Лёнчик опять пробовал было встать на ноги, но не вышло, влез в долги, расплатиться не получалось. Он почти физически ощущал, как «щёлкал» счётчик, гроза всех неудачливых должников. Пытался играть на оставшиеся деньги в казино, но ему, вопреки крылатому «новичкам везёт», даже в первый раз не подфартило. Когда вышибалы вывели его, помятого и несчастного, из дверей и, слегка подтолкнув в спину, оставили на высоком крыльце, он хотел завыть и повалиться на ступени прямо в белый-белый яркий снег, нападавший за ночь. Но вместо этого вдруг резко, почти болезненно, осознал, что пора из этой ненавистной страны бежать, спасаться от ореховских, включивших счётчик, от крошечной «двушки» у самых труб Капотни, от себя.
Ниночку уговаривал долго. Мог бы, да и – чего греха таить – хотел уехать без неё. Но, к несчастью, нужны были деньги, а появиться они могли только от продажи кооперативной квартиры. Хозяйкой же её была надоевшая уже генеральская внучка. Вот и пришлось уговаривать, уламывать, запугивать и шантажировать, пока не согласилась. Как он её ненавидел в те дни!
Ниночка собиралась долго, заворачивала в шуршащие газеты бесчисленные «семейные реликвии», складывала, упаковывала, утрамбовывала даже какие-то бессмысленные бумажки, тетрадки, обрывки фотографий. Над некоторыми надолго затихала, читая, разглядывая и просто держа в тонких пальцах. А ему хотелось заорать дурниной, по-бабьи завизжать и порвать все эти «реликвии» в мелкие клочья. Но он сдерживался из последних сил, понимая, что добрая, кроткая Нина не стерпит такого обращения с «памятью предков» и «голосом крови» и пошлёт его, куда подальше. Туда же в этом случае отправятся и далеко идущие эмигранские планы. Втайне он надеялся, что на границе все её бумаженции запретят к провозу, и, может, если очень повезёт, не выпустят и саму генеральскую внучку. А он, свободный и при деньгах (главное, суметь выманить деньги у тетёхи-жены перед вылетом), отправится в страну обетованную, подальше от земли «оттич и дедич».

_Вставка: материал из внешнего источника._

lemma finite_poset_INC: "finite_poset (INC n \<chi>) refines"
  unfolding finite_poset_def
proof (intro conjI ballI impI)
  show "finite (INC n \<chi>)"
    using finitely_many_partition_on[of "{1..n}"] INC_partition_on
    by (metis finite_subset mem_Collect_eq subsetI finite_atLeastAtMost)
next
  fix x assume "x \<in> INC n \<chi>" then show "refines x x" unfolding Defs.refines_def by blast
next
  fix x y z assume "refines x y" "refines y z" then show "refines x z"
    unfolding Defs.refines_def by (meson order_trans)
next
  fix x y assume "x \<in> INC n \<chi>" "y \<in> INC n \<chi>" "refines x y" "refines y x"
  then show "x = y"
    using Disjoint_Sets.refines_asym[of "{1..n}" x y] INC_partition_on
    unfolding Disjoint_Sets.refines_def Defs.refines_def by blast
qed

lemma noncrossing_nested_inside:
  assumes P: "noncrossing n P" and ab: "same_block P a b" "a < x" "x < b"
    and ax: "\<not> same_block P a x" and xy: "same_block P x y"
  shows "a < y \<and> y < b"
proof -
  have part: "partition_on {1..n} P" using noncrossing_partition_on[OF P] .
  have a_y: "\<not> same_block P a y"
    using ax same_block_trans[OF part _ same_block_sym[OF xy]] by blast
  have "y \<noteq> a" using a_y same_block_trans[OF part ab(1) same_block_sym[OF ab(1)]] by blast
  moreover have "y \<noteq> b" using a_y ab(1) by blast
  moreover have "\<not> y < a"
  proof
    assume "y < a"
    then have "same_block P y a" using noncrossingD[OF P _ ab(2,3) same_block_sym[OF xy] ab(1)] by blast
    then show False using a_y same_block_sym by blast
  qed
  moreover have "\<not> b < y"
    using noncrossingD[OF P ab(2,3) _ ab(1) xy] ax by blast
  ultimately show ?thesis by linarith
qed

lemma block_eq_interval_if_min_span:
  assumes P: "noncrossing n P" and V: "V \<in> P" "n \<notin> V"
    and min: "\<And>X. X \<in> P \<Longrightarrow> n \<notin> X \<Longrightarrow> Max V - Min V \<le> Max X - Min X"
  shows "V = {Min V..Max V}"
proof -
  have part: "partition_on {1..n} P" using noncrossing_partition_on[OF P] .
  have fin: "finite X" if "X \<in> P" for X
    using partition_on_block_subset[OF part that] finite_subset by blast
  define a b where "a = Min V" and "b = Max V"
  have aV: "a \<in> V" and bV: "b \<in> V" and ab: "\<And>x. x \<in> V \<Longrightarrow> a \<le> x \<and> x \<le> b"
    using partition_on_block_nonempty[OF part V(1)] fin[OF V(1)] unfolding a_def b_def by auto
  have "a \<in> {1..n}" "b \<in> {1..n}" "b \<noteq> n" using partition_on_block_subset[OF part V(1)] aV bV V(2) by auto
  then have a1: "1 \<le> a" and bn: "b < n" by auto
  have sab: "same_block P a b" using aV bV V(1) unfolding same_block_def by blast
  have "x \<in> V" if x: "a < x" "x < b" for x
  proof (rule ccontr)
    assume "x \<notin> V"
    then have ax: "\<not> same_block P a x" using same_block_iff_in_block[OF part V(1) aV] by blast
    obtain X where X: "X \<in> P" "x \<in> X" using partition_on_covers[OF part, of x] x a1 bn by auto
    have inside: "a < y \<and> y < b" if "y \<in> X" for y
    proof -
      have "same_block P x y" using X that unfolding same_block_def by blast
      then show ?thesis using noncrossing_nested_inside[OF P sab x ax] by blast
    qed
    then have "n \<notin> X" using bn by (meson order.asym order.strict_trans)
    have "Max X \<in> X" "Min X \<in> X" using Max_in[OF fin[OF X(1)]] Min_in[OF fin[OF X(1)]] X(2) by blast+
    then have "Max X < b" "Min X > a" using inside by auto
    then have "Max X - Min X < b - a"
      using Min_le[OF fin[OF X(1)] X(2)] Max_ge[OF fin[OF X(1)] X(2)] by linarith
    then show False using min[OF X(1) \<open>n \<notin> X\<close>] unfolding a_def b_def by linarith
  qed
  then have "{a..b} \<subseteq> V" using aV bV by (auto simp: le_less)
  then show ?thesis using ab unfolding a_def[symmetric] b_def[symmetric] by auto
qed

lemma exists_block_avoiding:
  assumes part: "partition_on {1..n} P" and ne: "P \<noteq> one_part n" and n: "1 \<le> n"
  shows "\<exists>V\<in>P. n \<notin> V"
proof (rule ccontr)
  obtain B where B: "B \<in> P" "n \<in> B" using partition_on_covers[OF part, of n] n by auto
  assume "\<not> (\<exists>V\<in>P. n \<notin> V)"
  then have "\<And>V. V \<in> P \<Longrightarrow> V = B" using partition_on_block_eq[OF part _ B(1) _ B(2)] by blast
  then have "P = {B}" using B(1) by blast
  then show False using ne partition_onD1[OF part] unfolding one_part_def by simp
qed

lemma noncrossing_interval_block:
  assumes P: "noncrossing n P" and ne: "P \<noteq> one_part n" and n: "1 \<le> n"
  shows "\<exists>l s. {l+1..l+s} \<in> P \<and> 1 \<le> s \<and> l + s < n"
proof -
  have part: "partition_on {1..n} P" using noncrossing_partition_on[OF P] .
  obtain V0 where "V0 \<in> P" "n \<notin> V0" using exists_block_avoiding[OF part ne n] by blast
  then obtain V where V: "V \<in> P" "n \<notin> V"
    and min: "\<And>X. X \<in> P \<Longrightarrow> n \<notin> X \<Longrightarrow> Max V - Min V \<le> Max X - Min X"
    using ex_has_least_nat[of "\<lambda>V. V \<in> P \<and> n \<notin> V" V0 "\<lambda>V. Max V - Min V"] by blast
  define a b where "a = Min V" and "b = Max V"
  have ab: "V = {a..b}" using block_eq_interval_if_min_span[OF P V min] unfolding a_def b_def .
  have "a \<in> V" "b \<in> V" "V \<subseteq> {1..n}"
    using ab partition_on_block_nonempty[OF part V(1)] partition_on_block_subset[OF part V(1)] by auto
  then have "a \<le> b" "1 \<le> a" "b < n" using ab V(2) by (auto simp: order.order_iff_strict)
  then have "{(a - 1) + 1..(a - 1) + (b - a + 1)} \<in> P" "(a - 1) + (b - a + 1) < n"
    using V(1) ab by (simp_all add: le_imp_diff_is_add)
  then show ?thesis by (intro exI[of _ "a - 1"] exI[of _ "b - a + 1"]) auto
qed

Не вышло. Ниночку вместе с её хламом почему-то выпустили беспрепятственно. Время, видимо, было такое, когда уже никому ни до чего дела не было. И архив умершего генерала никого не заинтересовал.
В Америке вообще всё пошло наперекосяк. Леонид всё никак не мог найти работу, не помогал ни почти совершенный (спасибо мамочке, школьной англичанке) английский, ни мужское обаяние, всегда действовавшее на родине, ни второе счастье – наглость. Лёнчик метался из стороны в сторону и нигде не мог устроиться. Хотелось не столько работы, сколько денег, таких красивых, манящих, и таких далёких.